# snails



## 1waypiranha (Nov 6, 2003)

hey..i have some snails in my tank cuse they came with my plants that i bought..and im gettin my P's in like 2 days..i was wonderin if its ok to keep them in there and if anything will happen to them???


----------



## Lahot (May 20, 2003)

they will keep multipling. Scoop out as many as possible.

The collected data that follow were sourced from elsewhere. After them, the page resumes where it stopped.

(* Let $X=\mathbb P(1,\dots,1,r)=\operatorname{Proj}k[x_0,\dots,x_{n-1},y]$ with $\deg x_i=1$, $\deg y=r>1$, and let $d$ be a positive multiple of $r$. Then \[\mathrm{Aut}_{gr}(S)\cong(GL_n\times\mathbb G_m)\ltimes\mathbb G_a^L,\qquad L=\binom{n-1+r}{r},\] so the unipotent radical $U\cong\mathbb G_a^L$ is abelian. Moreover, for any $N>0$ the action of $\hat U=\lambda_{g,N}(\mathbb G_m)\ltimes U$ on $\mathcal Y_d$ with respect to $\mathcal O(1)$ satisfies condition $(\mathfrak C^* )$: $\mathrm{Stab}_U([f])=\{e\}$ for every $[f]\in Z_{\min}$ (here $Z_{\min}=\{[y^{d/r}]\}$).
   Context: Work over an algebraically closed field $k$ of characteristic $0$. $S$ is the weighted polynomial ring above, $\mathrm{Aut}_{gr}(S)$ its group of graded $k$-algebra automorphisms, $\mathcal Y_d=\mathbb P(S_d)$ with $g\cdot[f]=[g(f)]$. For $N>0$, $\lambda_{g,N}(t)$: $x_i\mapsto t^{-N}x_i$, $y\mapsto ty$, and $\hat U=\lambda_{g,N}(\mathbb G_m)\ltimes U$. $Z_{\min}=\mathbb P(V_{\min})\subset\mathcal Y_d$ where $V_{\min}$ is the minimal weight space of the induced $\mathbb G_m$-action on $V=H^0(\mathcal Y_d,\mathcal O(1))^\vee$. Condition $(\mathfrak C^* )$ means $\mathrm{Stab}_U(z)=\{e\}$ for all $z\in Z_{\min}$. *)

theory Defs
  imports "HOL-Analysis.Analysis" "HOL-Computational_Algebra.Polynomial"
          "HOL-Library.Poly_Mapping" "HOL-Algebra.Group"
begin

text \<open>The weighted polynomial ring S = k[x_0,...,x_{n-1},y].  The variables are indexed
  by the type 'n option: x_i = Some i (with n = CARD('n)), and y = None.\<close>

type_synonym ('n,'k) wpoly = "('n option \<Rightarrow>\<^sub>0 nat) \<Rightarrow>\<^sub>0 'k"

definition Xv :: "'n option \<Rightarrow> ('n,'k::comm_ring_1) wpoly" where
  "Xv v = Poly_Mapping.single (Poly_Mapping.single v 1) 1"

definition cst :: "'k::comm_ring_1 \<Rightarrow> ('n,'k) wpoly" where
  "cst c = Poly_Mapping.single 0 c"

definition wdeg :: "nat \<Rightarrow> ('n::finite option \<Rightarrow>\<^sub>0 nat) \<Rightarrow> nat" where
  "wdeg r m = (\<Sum>i\<in>UNIV. Poly_Mapping.lookup m (Some i)) + r * Poly_Mapping.lookup m None"

definition homog :: "nat \<Rightarrow> nat \<Rightarrow> ('n::finite,'k::comm_ring_1) wpoly \<Rightarrow> bool" where
  "homog r e p \<longleftrightarrow> (\<forall>m\<in>Poly_Mapping.keys p. wdeg r m = e)"

definition gr_aut :: "nat \<Rightarrow> (('n::finite,'k::comm_ring_1) wpoly \<Rightarrow> ('n,'k) wpoly) \<Rightarrow> bool" where
  "gr_aut r \<phi> \<longleftrightarrow> bij \<phi>
     \<and> (\<forall>p q. \<phi> (p + q) = \<phi> p + \<phi> q)
     \<and> (\<forall>p q. \<phi> (p * q) = \<phi> p * \<phi> q)
     \<and> (\<forall>c. \<phi> (cst c) = cst c)
     \<and> (\<forall>e p. homog r e p \<longrightarrow> homog r e (\<phi> p))"

definition AutGr :: "nat \<Rightarrow> ((('n::finite,'k::comm_ring_1) wpoly \<Rightarrow> ('n,'k) wpoly)) monoid" where
  "AutGr r = \<lparr>carrier = {\<phi>. gr_aut r \<phi>}, monoid.mult = (\<circ>), one = id\<rparr>"

definition psubst :: "('n option \<Rightarrow> ('n,'k::comm_ring_1) wpoly) \<Rightarrow> ('n,'k) wpoly \<Rightarrow> ('n,'k) wpoly" where
  "psubst \<sigma> p = (\<Sum>m\<in>Poly_Mapping.keys p. cst (Poly_Mapping.lookup p m) * (\<Prod>v\<in>Poly_Mapping.keys m. \<sigma> v ^ Poly_Mapping.lookup m v))"

definition Hr :: "nat \<Rightarrow> ('n::finite,'k::comm_ring_1) wpoly set" where
  "Hr r = {h. \<forall>m\<in>Poly_Mapping.keys h. Poly_Mapping.lookup m None = 0 \<and> wdeg r m = r}"

definition xmonos :: "nat \<Rightarrow> ('n::finite option \<Rightarrow>\<^sub>0 nat) set" where
  "xmonos r = {m. Poly_Mapping.lookup m None = 0 \<and> wdeg r m = r}"

definition Phi :: "'k^'n^'n \<Rightarrow> 'k \<Rightarrow> ('n::finite,'k::comm_ring_1) wpoly \<Rightarrow> ('n,'k) wpoly \<Rightarrow> ('n,'k) wpoly" where
  "Phi A c h = psubst (\<lambda>v. case v of
        Some i \<Rightarrow> (\<Sum>j\<in>UNIV. cst (A $ j $ i) * Xv (Some j))
      | None \<Rightarrow> cst c * Xv None + h)"

definition SemiDir :: "nat \<Rightarrow> (('k^'n^'n) \<times> 'k \<times> ('n::finite,'k::field) wpoly) monoid" where
  "SemiDir r = \<lparr>carrier = {(A,c,h). invertible A \<and> c \<noteq> 0 \<and> h \<in> Hr r},
     monoid.mult = (\<lambda>(A,c,h) (A',c',h'). (matrix_matrix_mult A A', c * c', cst c' * h + Phi A 1 0 h')),
     one = (mat 1, 1, 0)\<rparr>"

definition Urad :: "nat \<Rightarrow> ((('n::finite,'k::field) wpoly \<Rightarrow> ('n,'k) wpoly)) set" where
  "Urad r = {Phi (mat 1) 1 h | h. h \<in> Hr r}"

text \<open>Weight of the monomial x^a y^b in V = H^0(Y_d,O(1))^\<or> for the one-parameter
  subgroup \<lambda>_{g,N}: x_i \<mapsto> t^{-N} x_i, y \<mapsto> t y (convention of the paper,
  under which Z_min = {[y^{d/r}]}): N|a| - b.\<close>
definition wt :: "nat \<Rightarrow> ('n::finite option \<Rightarrow>\<^sub>0 nat) \<Rightarrow> int" where
  "wt N m = int N * int (\<Sum>i\<in>UNIV. Poly_Mapping.lookup m (Some i)) - int (Poly_Mapping.lookup m None)"

definition minwt :: "nat \<Rightarrow> nat \<Rightarrow> nat \<Rightarrow> 'n::finite itself \<Rightarrow> int" where
  "minwt N r d _ = Min {wt N (m :: 'n option \<Rightarrow>\<^sub>0 nat) | m. wdeg r m = d}"

text \<open>V_min: the minimal weight space inside S_d; Z_min = P(V_min)\<close>
definition Vmin :: "nat \<Rightarrow> nat \<Rightarrow> nat \<Rightarrow> ('n::finite,'k::comm_ring_1) wpoly set" where
  "Vmin N r d = {f. homog r d f \<and> (\<forall>m\<in>Poly_Mapping.keys f. wt N m = minwt N r d TYPE('n))}"

definition StabU :: "nat \<Rightarrow> ('n::finite,'k::field) wpoly \<Rightarrow> (('n,'k) wpoly \<Rightarrow> ('n,'k) wpoly) set" where
  "StabU r f = {u \<in> Urad r. \<exists>c. c \<noteq> 0 \<and> u f = cst c * f}"

end

theory Submission
  imports Defs "HOL-Library.Multiset"
begin

text \<open>A graded automorphism preserves the degrees 1 and \<open>r\<close>. Since \<open>r > 1\<close>, the degree 1
  part is spanned by the \<open>x\<^sub>i\<close>, so it sends \<open>x\<^sub>i\<close> to a linear form \<open>\<Sum>\<^sub>j A\<^sub>j\<^sub>i x\<^sub>j\<close>
  and \<open>y\<close> to \<open>c y + h\<close> with \<open>h\<close> a form of degree \<open>r\<close> in the \<open>x\<^sub>i\<close>. Reading off the
  coefficients of the \<open>x\<^sub>i\<close> and of \<open>y\<close> in the image shows that surjectivity forces \<open>A\<close> to be
  invertible and \<open>c \<noteq> 0\<close>; composition of such substitutions is the semidirect product law,
  and the translations \<open>y \<mapsto> y + h\<close> add up, so \<open>U\<close> is abelian.
  On \<open>S\<^sub>d\<close> the weight \<open>N |a| - b\<close> of \<open>x\<^sup>a y\<^sup>b\<close> is uniquely minimised by \<open>y\<^sup>d\<^sup>/\<^sup>r\<close>, and
  \<open>(y + h)\<^sup>k\<close> contains the term \<open>k y\<^sup>k\<^sup>-\<^sup>1 h\<close>, which in characteristic 0 vanishes only
  for \<open>h = 0\<close>; hence \<open>U\<close> acts freely on \<open>Z\<^sub>m\<^sub>i\<^sub>n\<close>.\<close>

abbreviation lookup :: "('a \<Rightarrow>\<^sub>0 'b::zero) \<Rightarrow> 'a \<Rightarrow> 'b" where "lookup \<equiv> Poly_Mapping.lookup"
abbreviation keys :: "('a \<Rightarrow>\<^sub>0 'b::zero) \<Rightarrow> 'a set" where "keys \<equiv> Poly_Mapping.keys"
abbreviation single :: "'a \<Rightarrow> 'b \<Rightarrow> ('a \<Rightarrow>\<^sub>0 'b::zero)" where "single \<equiv> Poly_Mapping.single"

The Ps might eat them, or try clown loaches (before you add the piranhas)


----------



## The Wave (Oct 22, 2003)

That is why all my plants are started from bulbs,no prob this way.


----------



## akio525 (Sep 4, 2003)

Throw a bunch of clown loaches in there and they probably be able to clear out the snails before they get eaten by the piranha. Make sure the clown loaches are at least 2-3 inches long dont get ones that are too tiny.


----------



## icepick36m (Feb 19, 2003)

I kept the bigger snails in with my p's for awhile...they finally all became a snack.


----------



## notoriouslyKEN (Jul 31, 2003)

i take them out & throw them in the feeder tank. I got some big ones growing in there now & they eat all the algae on the tank.


----------



## Guest (Nov 27, 2003)

Clown loaches are too expensive to house with piranha. The chain loach, I think it's also called a dwarf loach, will also eat snails.


----------



## Howzit (Aug 6, 2003)

pretty sure all loaches eat snails







good luck


----------